(* Let $\nabla$ be a compatible connection on $\mathfrak{H}_n^\infty$, with $\nabla_k=D_k+\pi(h_k)$ for skew-adjoint $h_k\in\mathbb{M}_n(\mathcal{A}_\theta^\infty)$, and let $H=-\sum_k(D_k+\pi(h_k))^2$ with domain $\mathcal{D}(\Delta)$. If $\xi\in\mathcal{D}(H)$ satisfies $H\xi=\lambda\xi$ for some $\lambda$, then $\xi\in\mathcal{D}^\infty(\Delta):=\bigcap_{m\ge1}\mathcal{D}(\Delta^m)$.
   Context: $\theta$ is a real antisymmetric $N\times N$ matrix; $\mathcal{A}_\theta$ is the universal $C^*$-algebra generated by unitaries $u_1,\dots,u_N$ with $u_ku_l=\exp(2\pi i\theta_{kl})u_lu_k$; $\mathcal{A}_\theta^\infty$ is its smooth part for the torus action $\sigma_z(u^\alpha)=z^\alpha u^\alpha$, with derivations $\delta_ku_l=i\delta_{kl}u_l$ acting entrywise on matrices as $\delta_k^{(n)}$. $\mathfrak{H}_n=L^2(\mathcal{A}_\theta\otimes\mathbb{M}_n(\mathbb{C}),\tau\otimes\mathrm{tr})\cong L^2(\mathbb{T}^N)\otimes\mathbb{M}_n(\mathbb{C})$; $\eta$ canonical embedding, $\mathfrak{H}_n^\infty=\eta(\mathbb{M}_n(\mathcal{A}_\theta^\infty))$, $D_k$ the partial derivatives ($D_k\eta(x)=\eta(\delta_k^{(n)}x)$) on their usual domains, $\pi(a)\eta(x)=\eta(ax)$. $\Delta=-\sum_kD_k^2$ with $\mathcal{D}(\Delta)=\operatorname{span}\{\eta(\sum_\alpha c_\alpha u^\alpha\otimes m):(\|\alpha\|_2^2c_\alpha)_\alpha\in\ell^2(\mathbb{Z}^N)\}$. A compatible connection on $\mathfrak{H}_n^\infty$ is an $N$-tuple of linear maps $\nabla_k$ with $\nabla_k(\xi a)=(\nabla_k\xi)a+\xi\delta_k^{(n)}(a)$ and $(\nabla_kx)^*y+x^*\nabla_ky=\delta_k^{(n)}(x^*y)$. *)

theory Defs
  imports "HOL-Analysis.Analysis" "HOL-Library.Function_Algebras"
begin

text \<open>An element of
  \<open>L^2(A_theta \<otimes> M_n(C))\<close> is represented by its coefficient function
  \<open>\<alpha> \<mapsto> c_\<alpha>\<close> on \<open>Z^N\<close> (here \<open>'i \<Rightarrow> int\<close>, with \<open>'i\<close> a finite linearly
  ordered index type of size N), valued in n x n complex matrices
  (\<open>complex^'m^'m\<close>, whose norm is the Hilbert-Schmidt norm), meaning
  \<open>\<Sum>\<^sub>\<alpha> c_\<alpha> \<otimes> u^\<alpha>\<close> with \<open>u^\<alpha> = u_1^{\<alpha>_1} \<dots> u_N^{\<alpha>_N}\<close>.\<close>

type_synonym ('i,'m) coeff = "('i \<Rightarrow> int) \<Rightarrow> complex^'m^'m"

definition sqn :: "('i::finite \<Rightarrow> int) \<Rightarrow> real" where
  "sqn \<alpha> = (\<Sum>k\<in>UNIV. (real_of_int (\<alpha> k))^2)"

text \<open>\<open>u^\<beta> u^\<gamma> = phase \<theta> \<beta> \<gamma> \<cdot> u^(\<beta>+\<gamma>)\<close>.\<close>
definition phase :: "('i::{finite,linorder} \<Rightarrow> 'i \<Rightarrow> real) \<Rightarrow> ('i \<Rightarrow> int) \<Rightarrow> ('i \<Rightarrow> int) \<Rightarrow> complex" where
  "phase \<theta> \<beta> \<gamma> = exp (2 * complex_of_real pi * \<i> *
      complex_of_real (\<Sum>k\<in>UNIV. \<Sum>l\<in>{l. l < k}. \<theta> k l * real_of_int (\<beta> k) * real_of_int (\<gamma> l)))"

definition cmul :: "complex \<Rightarrow> complex^'m^'m \<Rightarrow> complex^'m^'m" where
  "cmul c A = (\<chi> i j. c * A$i$j)"

definition madj :: "complex^'m^'m \<Rightarrow> complex^'m^'m" where
  "madj A = (\<chi> i j. cnj (A$j$i))"

text \<open>Product in \<open>M_n(A_theta)\<close> (and its extension to \<open>\<pi>(a)\<xi>\<close>, \<open>\<xi> a\<close>).\<close>
definition tw :: "('i::{finite,linorder} \<Rightarrow> 'i \<Rightarrow> real) \<Rightarrow> ('i,'m::finite) coeff \<Rightarrow> ('i,'m) coeff \<Rightarrow> ('i,'m) coeff" where
  "tw \<theta> a b = (\<lambda>\<alpha>. \<Sum>\<^sub>\<infinity>\<beta>. cmul (phase \<theta> \<beta> (\<alpha> - \<beta>)) (a \<beta> ** b (\<alpha> - \<beta>)))"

━━━━━━━━

Above are the entries. Copy exactly the part that opens with the line containing "int) \<Rightarrow> ('i" and closes with the line containing "text \<open>Product in", and no more.

# Your response
definition phase :: "('i::{finite,linorder} \<Rightarrow> 'i \<Rightarrow> real) \<Rightarrow> ('i \<Rightarrow> int) \<Rightarrow> ('i \<Rightarrow> int) \<Rightarrow> complex" where
  "phase \<theta> \<beta> \<gamma> = exp (2 * complex_of_real pi * \<i> *
      complex_of_real (\<Sum>k\<in>UNIV. \<Sum>l\<in>{l. l < k}. \<theta> k l * real_of_int (\<beta> k) * real_of_int (\<gamma> l)))"

definition cmul :: "complex \<Rightarrow> complex^'m^'m \<Rightarrow> complex^'m^'m" where
  "cmul c A = (\<chi> i j. c * A$i$j)"

definition madj :: "complex^'m^'m \<Rightarrow> complex^'m^'m" where
  "madj A = (\<chi> i j. cnj (A$j$i))"

text \<open>Product in \<open>M_n(A_theta)\<close> (and its extension to \<open>\<pi>(a)\<xi>\<close>, \<open>\<xi> a\<close>).\<close>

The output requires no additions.